The jury will return to work at 9 a.m. Wednesday.  Joanna Hayes faces life in prison if convicted of murdering Heather Strube.

WSB legal analyst Ron Carlson says it's too early to tell where the jury is headed.  He says the longer jurors deliberate, the more clear it is the defense was able to raise questions in the jurors minds.

Tuesday, jurors asked to hear the phone call again between Joanna Hayes and her son. In that call, Hayes' son essentially accused his mother of murder.

"Mom, why did you do it?" Steven Strube asks in the tape. "It looks just like you."

"Joanna Hayes did not do this thing," Defense attorney Bruce Morriss said during his closing statement Friday.

Prosecutors say Hayes was wearing a wig and fake mustache when she put a gun to Strube's head in the parking lot of a Target in Snellville in April of 2009 and pulled the trigger.

"You have to be confident in your disguise before you commit a murder like that," Assistant district attorney Dan Mayfield said during his closing statement. "What better disguise than to disguise yourself as a man."

Hayes' son and daughter-in-law were in the middle of a bitter divorce, and the state contends Hayes committed murder to prevent custody of the couple's 18-month-old son from going to the mother.

"She did not approve of Heather as a mom," said Mayfield. "She committed this murder out of some sick sense of family."

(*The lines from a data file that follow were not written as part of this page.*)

lemma minor_eqI:
  assumes "U \<subseteq> V" "finite V" "carrier Q = V - U" "{} \<in> indeps Q"
    and "\<And>X. X \<in> indeps Q \<Longrightarrow> X \<subseteq> V - U"
    and "\<And>Y. Y \<subseteq> V - U \<Longrightarrow> rk M (Y \<union> U) = rk M U + rk Q Y"
  shows "minor M U V = Q"
proof (rule matroid_eqI)
  show "carrier (minor M U V) = carrier Q" by (simp add: minor_simps assms(3))
  show "indeps (minor M U V) = indeps Q"
  proof (intro set_eqI iffI)
    fix X assume "X \<in> indeps (minor M U V)"
    then have "X \<subseteq> V - U" "rk Q X = card X" using assms(6) by (auto simp: indep_minor_iff[OF assms(1)])
    then show "X \<in> indeps Q"
      using indep_iff_rk_eq_card[OF finite_subset[OF _ assms(2)] assms(4)] by blast
  next
    fix X assume "X \<in> indeps Q"
    then have "X \<subseteq> V - U" "rk Q X = card X"
      using assms(5) indep_iff_rk_eq_card[OF finite_subset[OF _ assms(2)] assms(4)] by blast+
    then show "X \<in> indeps (minor M U V)" using assms(6) by (simp add: indep_minor_iff[OF assms(1)])
  qed
qed

section \<open>Truncation and Higgs lift\<close>

definition trunc_to :: "'a matroid \<Rightarrow> nat \<Rightarrow> 'a matroid" where
  "trunc_to M m = (carrier M, {X \<in> indeps M. card X \<le> m})"

lemma trunc_to_simps [simp]:
  "carrier (trunc_to M m) = carrier M" "indeps (trunc_to M m) = {X \<in> indeps M. card X \<le> m}"
  by (simp_all add: trunc_to_def carrier_def indeps_def)

lemma matroid_trunc_to: assumes "matroid M" shows "matroid (trunc_to M m)"
proof (rule matroidI)
  show "Y \<in> indeps (trunc_to M m)" if X: "X \<in> indeps (trunc_to M m)" and "Y \<subseteq> X" for X Y
  proof -
    have "card Y \<le> card X" using X \<open>Y \<subseteq> X\<close> card_mono[OF indep_finite[OF assms]] by simp
    then show ?thesis using X \<open>Y \<subseteq> X\<close> indep_subset[OF assms] by auto
  qed
  show "\<exists>y\<in>Y - X. insert y X \<in> indeps (trunc_to M m)"
    if X: "X \<in> indeps (trunc_to M m)" and Y: "Y \<in> indeps (trunc_to M m)" and "card X < card Y" for X Y
  proof -
    obtain y where "y \<in> Y - X" "insert y X \<in> indeps M"
      using X Y \<open>card X < card Y\<close> indep_augment[OF assms] by auto
    moreover have "finite X" using X indep_finite[OF assms] by simp
    ultimately show ?thesis using X Y \<open>card X < card Y\<close> by auto
  qed
qed (simp_all add: matroid_finite_carrier[OF assms] indep_subset_carrier[OF assms] empty_indep[OF assms])

lemma rk_trunc_to: assumes "matroid M" shows "rk (trunc_to M m) Y = min (rk M Y) m"
proof -
  obtain B where B: "B \<subseteq> Y" "B \<in> indeps M" "card B = rk M Y" using obtain_rk_basis[OF assms] .
  obtain W where W: "W \<subseteq> B" "card W = min (rk M Y) m"
    using obtain_subset_with_card_n[of "min (rk M Y) m" B] B(3) by auto
  show ?thesis
  proof (rule rk_eqI[of Y _ _ W])
    show "card Z \<le> min (rk M Y) m" if "Z \<subseteq> Y" "Z \<in> indeps (trunc_to M m)" for Z
      using that card_le_rk[OF assms] by auto
    show "W \<in> indeps (trunc_to M m)" using W B indep_subset[OF assms B(2) W(1)] by simp
  qed (use W B in auto)
qed

lemma rank_of_trunc_to: "matroid M \<Longrightarrow> rank_of (trunc_to M m) = min (rank_of M) m"
  unfolding rank_of_def by (simp add: rk_trunc_to)

lemma trunc_eq_trunc_to: "trunc M = trunc_to M (rank_of M - 1)"
proof -
  have "int n \<le> max 0 (int r - 1) \<longleftrightarrow> n \<le> r - 1" for n r by linarith
  then show ?thesis by (simp add: trunc_def trunc_to_def)
qed

lemma trunc_to_trunc_to: "trunc_to (trunc_to M m) m' = trunc_to M (min m m')"
  by (rule matroid_eqI) auto

lemma trunc_iter_eq: assumes "matroid M" shows "(trunc ^^ k) M = trunc_to M (rank_of M - k)"
proof (induction k)
  case 0
  have "trunc_to M (rank_of M) = M"
    using card_le_rk[OF assms indep_subset_carrier[OF assms]]
    by (intro matroid_eqI) (auto simp: rank_of_def)
  then show ?case by simp
next
  case (Suc k)
  have "(trunc ^^ Suc k) M = trunc (trunc_to M (rank_of M - k))" using Suc by simp
  also have "\<dots> = trunc_to M (rank_of M - Suc k)"
    by (simp add: trunc_eq_trunc_to trunc_to_trunc_to rank_of_trunc_to[OF assms])
  finally show ?case .
qed

definition lift_by :: "'a matroid \<Rightarrow> nat \<Rightarrow> 'a matroid" where
  "lift_by N k = (carrier N, {X. X \<subseteq> carrier N \<and> nul N X \<le> k})"

lemma lift_by_simps [simp]:
  "carrier (lift_by N k) = carrier N" "indeps (lift_by N k) = {X. X \<subseteq> carrier N \<and> nul N X \<le> k}"
  by (simp_all add: lift_by_def carrier_def indeps_def)

lemma lift_by_augment:
  assumes N: "matroid N" and X: "X \<in> indeps (lift_by N k)" and Y: "Y \<in> indeps (lift_by N k)"
    and "card X < card Y"
  shows "\<exists>y\<in>Y - X. insert y X \<in> indeps (lift_by N k)"
proof -
  have fin: "finite Z" if "Z \<subseteq> carrier N" for Z
    using finite_subset[OF that matroid_finite_carrier[OF N]] .
  have "finite X" using X fin by simp
  obtain y where y: "y \<in> Y - X" "nul N (insert y X) \<le> k"
  proof (cases "nul N X < k")
    case True
    have "\<not> Y \<subseteq> X"
    proof
      assume "Y \<subseteq> X"
      then show False using \<open>card X < card Y\<close> card_mono[OF \<open>finite X\<close>] by (simp add: leD)
    qed
    then obtain y where y: "y \<in> Y - X" by blast
    have "rk N X \<le> rk N (insert y X)" using rk_mono[OF N subset_insertI] .
    moreover have "card (insert y X) = Suc (card X)" using y \<open>finite X\<close> by simp
    ultimately have "nul N (insert y X) \<le> k" using True unfolding nul_def by linarith
    then show thesis using that y by blast
  next
    case False
    then have "nul N Y \<le> nul N X" using X Y by simp
    then have "rk N X < rk N Y"
      using X Y \<open>card X < card Y\<close> rk_le_card[OF N fin, of X] rk_le_card[OF N fin, of Y]
      unfolding nul_def by simp
    then obtain y where y: "y \<in> Y - X" "rk N (insert y X) = Suc (rk N X)"
      using rk_augment[OF N] by blast
    moreover have "card (insert y X) = Suc (card X)" using y \<open>finite X\<close> by simp
    ultimately have "nul N (insert y X) = nul N X" unfolding nul_def by simp
    then have "nul N (insert y X) \<le> k" using X by simp
    then show thesis using that y by blast
  qed
  then show ?thesis using X Y by auto
qed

"People divorce, change custody hundreds of times a day, likely, in metro Atlanta," said defense attorney Bruce Morris. "Is this really the basis for a killing?"

Hayes faces four counts including murder, felony murder, aggravated assault, and possession of a weapon during the commission of a felony.

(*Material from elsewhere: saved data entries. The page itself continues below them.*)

lemma fourier_measure_cosine_series_measure:
  assumes p_nonneg: "\<And>k. 0 \<le> p k" and p_sums: "p sums 1"
  shows "fourier_measure (cosine_series_measure a p) \<xi>
    = complex_of_real (\<Sum>k. p k * cos (2 * pi * real k * \<xi> / a))"
proof -
  let ?W = "measure_pmf (embed_pmf p)" and ?C = "measure_pmf (bernoulli_pmf (1/2))"
  define \<theta> where "\<theta> = 2 * pi * \<xi> / a"
  interpret pair_prob_space ?W ?C ..
  have "fourier_measure (cosine_series_measure a p) \<xi>
      = (\<integral>z. cis (- \<theta> * (if snd z then real (fst z) else - real (fst z))) \<partial>(?W \<Otimes>\<^sub>M ?C))"
    unfolding fourier_measure_def cosine_series_measure_def \<theta>_def
    by (subst integral_distr) (simp_all add: case_prod_beta mult_ac)
  also have "\<dots> = (\<integral>k. (\<integral>b. cis (- \<theta> * (if b then real k else - real k)) \<partial>?C) \<partial>?W)"
    by (subst integral_pair_measure_bounded[where B=1]) (simp_all cong: if_cong)
  also have "\<dots> = (\<integral>k. complex_of_real (cos (\<theta> * real k)) \<partial>?W)"
  proof (intro Bochner_Integration.integral_cong refl)
    fix k
    show "(\<integral>b. cis (- \<theta> * (if b then real k else - real k)) \<partial>?C) = complex_of_real (cos (\<theta> * real k))"
      by (subst integral_measure_pmf[of UNIV])
         (simp_all add: UNIV_bool complex_eq_iff cos_minus sin_minus scaleR_conv_of_real)
  qed
  also have "\<dots> = complex_of_real (\<Sum>k. p k * cos (\<theta> * real k))"
    using integral_embed_pmf_nat[OF p_nonneg p_sums, of "\<lambda>k. cos (\<theta> * real k)" 1] by simp
  finally show ?thesis
    by (simp add: \<theta>_def mult_ac)
qed

lemma decay_class_multiplier:
  assumes f_in: "f \<in> decay_class E" and h_nonneg: "\<And>x. 0 \<le> h x" and "C > 0"
    and multiplier: "\<And>\<mu>. \<mu> \<in> prob_on E \<Longrightarrow>
      \<exists>\<nu>\<in>prob_on E. \<forall>\<xi>. norm (fourier_measure \<nu> \<xi>) \<le> C * h \<bar>\<xi>\<bar> * norm (fourier_measure \<mu> \<xi>)"
  shows "(\<lambda>\<xi>. h \<xi> * f \<xi>) \<in> decay_class E"
proof -
  from f_in obtain M0 \<mu> c M where f_nonneg: "\<forall>x\<ge>M0. f x \<ge> 0" and \<mu>: "\<mu> \<in> prob_on E"
    and "c > 0" "M > 0" and \<mu>_bound: "\<forall>\<xi>. \<bar>\<xi>\<bar> \<ge> M \<longrightarrow> norm (fourier_measure \<mu> \<xi>) \<le> c * f \<bar>\<xi>\<bar>"
    unfolding decay_class_def by blast
  from multiplier[OF \<mu>] obtain \<nu> where \<nu>: "\<nu> \<in> prob_on E"
    and \<nu>_bound: "\<forall>\<xi>. norm (fourier_measure \<nu> \<xi>) \<le> C * h \<bar>\<xi>\<bar> * norm (fourier_measure \<mu> \<xi>)"
    by blast
  have \<nu>_decay: "norm (fourier_measure \<nu> \<xi>) \<le> (C * c) * (h \<bar>\<xi>\<bar> * f \<bar>\<xi>\<bar>)"
    if "\<bar>\<xi>\<bar> \<ge> M" for \<xi>
  proof -
    have "norm (fourier_measure \<nu> \<xi>) \<le> C * h \<bar>\<xi>\<bar> * (c * f \<bar>\<xi>\<bar>)"
      using \<nu>_bound \<mu>_bound that \<open>C > 0\<close> h_nonneg
      by (meson order_trans mult_left_mono mult_nonneg_nonneg less_imp_le)
    then show ?thesis
      by (simp add: mult_ac)
  qed
  show ?thesis
    unfolding decay_class_def
  proof (intro CollectI conjI exI)
    show "\<forall>x\<ge>M0. 0 \<le> h x * f x"
      using f_nonneg h_nonneg by simp
    show "\<forall>\<xi>. \<bar>\<xi>\<bar> \<ge> M \<longrightarrow> norm (fourier_measure \<nu> \<xi>) \<le> (C * c) * (h \<bar>\<xi>\<bar> * f \<bar>\<xi>\<bar>)"
      using \<nu>_decay by blast
  qed (use \<nu> \<open>c > 0\<close> \<open>C > 0\<close> \<open>M > 0\<close> in auto)
qed

theorem proposition3p3:
  fixes a :: real and f g :: "real \<Rightarrow> real"
  assumes a_pos: "a > 0"
    and f_in: "f \<in> decay_class (liouville_shift a)"
    and g_periodic: "\<forall>x\<ge>0. g (x + a) = g x"
    and g0: "g 0 > 0"
    and g_integrable: "(\<lambda>x. g \<bar>x\<bar>) absolutely_integrable_on {-a/2..a/2}"
    and coeff_nonneg: "\<forall>k. cos_coeff a (\<lambda>x. g \<bar>x\<bar>) k \<ge> 0"
    and series_conv: "\<forall>\<xi>. (\<lambda>N. \<Sum>k\<le>N. cos_coeff a (\<lambda>x. g \<bar>x\<bar>) k * cos (2 * pi * real k * \<xi> / a))
                          \<longlonglongrightarrow> g \<bar>\<xi>\<bar>"
  shows "(\<lambda>\<xi>. \<bar>g \<xi>\<bar> * f \<xi>) \<in> decay_class (liouville_shift a)"
proof -
  define p where "p k = cos_coeff a (\<lambda>x. g \<bar>x\<bar>) k / g 0" for k
  have cosine_series: "(\<lambda>k. p k * cos (2 * pi * real k * \<xi> / a)) sums (g \<bar>\<xi>\<bar> / g 0)" for \<xi>
    using sums_divide[OF series_conv[rule_format, of \<xi>, folded sums_def_le]] by (simp add: p_def)
  have p_nonneg: "0 \<le> p k" for k
    using coeff_nonneg g0 by (simp add: p_def)
  have p_sums: "p sums 1"
    using cosine_series[of 0] g0 by simp
  have multiplier: "\<exists>\<nu>\<in>prob_on (liouville_shift a). \<forall>\<xi>.
      norm (fourier_measure \<nu> \<xi>) \<le> 1 / g 0 * \<bar>g \<bar>\<xi>\<bar>\<bar> * norm (fourier_measure \<mu> \<xi>)"
    if \<mu>: "\<mu> \<in> prob_on (liouville_shift a)" for \<mu>
  proof -
    from \<mu> have \<mu>_prob: "prob_space \<mu>" and \<mu>_sets: "sets \<mu> = sets borel"
      unfolding prob_on_def by auto
    let ?\<nu> = "\<mu> \<star> cosine_series_measure a p"
    have "?\<nu> \<in> prob_on (liouville_shift a)"
      using prob_on_convolution[OF \<mu> prob_space_cosine_series_measure sets_cosine_series_measure
          AE_cosine_series_measure_lattice] liouville_shift_add_int by blast
    moreover have "fourier_measure ?\<nu> \<xi> = fourier_measure \<mu> \<xi> * complex_of_real (g \<bar>\<xi>\<bar> / g 0)" for \<xi>
      using fourier_measure_convolution[OF \<mu>_prob prob_space_cosine_series_measure
          \<mu>_sets sets_cosine_series_measure]
        fourier_measure_cosine_series_measure[OF p_nonneg p_sums] sums_unique[OF cosine_series]
      by simp
    ultimately show ?thesis
      using g0 by (intro bexI[of _ ?\<nu>]) (auto simp: norm_mult norm_divide mult_ac)
  qed
  show ?thesis
    using g0 by (intro decay_class_multiplier[OF f_in _ _ multiplier]) auto
qed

The final witness for defendant Hayes was Heather Kleider, an eyewitness expert who says police should have shown witnesses photo lineups of both male and female suspects--not just all female--as they tried to find Strube's killer.

"If you say that you saw a person of one gender, and then you're shown a lineup of a whole 'nother gender, then that would throw into question everything that you said that you saw to begin with," Kleider told the Gwinnett County jury.  "Because now, the police must know more if they're showing you something else.  So that would be highly suggestible."

Morriss has consistently argued that police zeroed in on Hayes early on in the investigation, and never looked for other suspects.

Last week, Hayes told the judge she did not want to take the stand.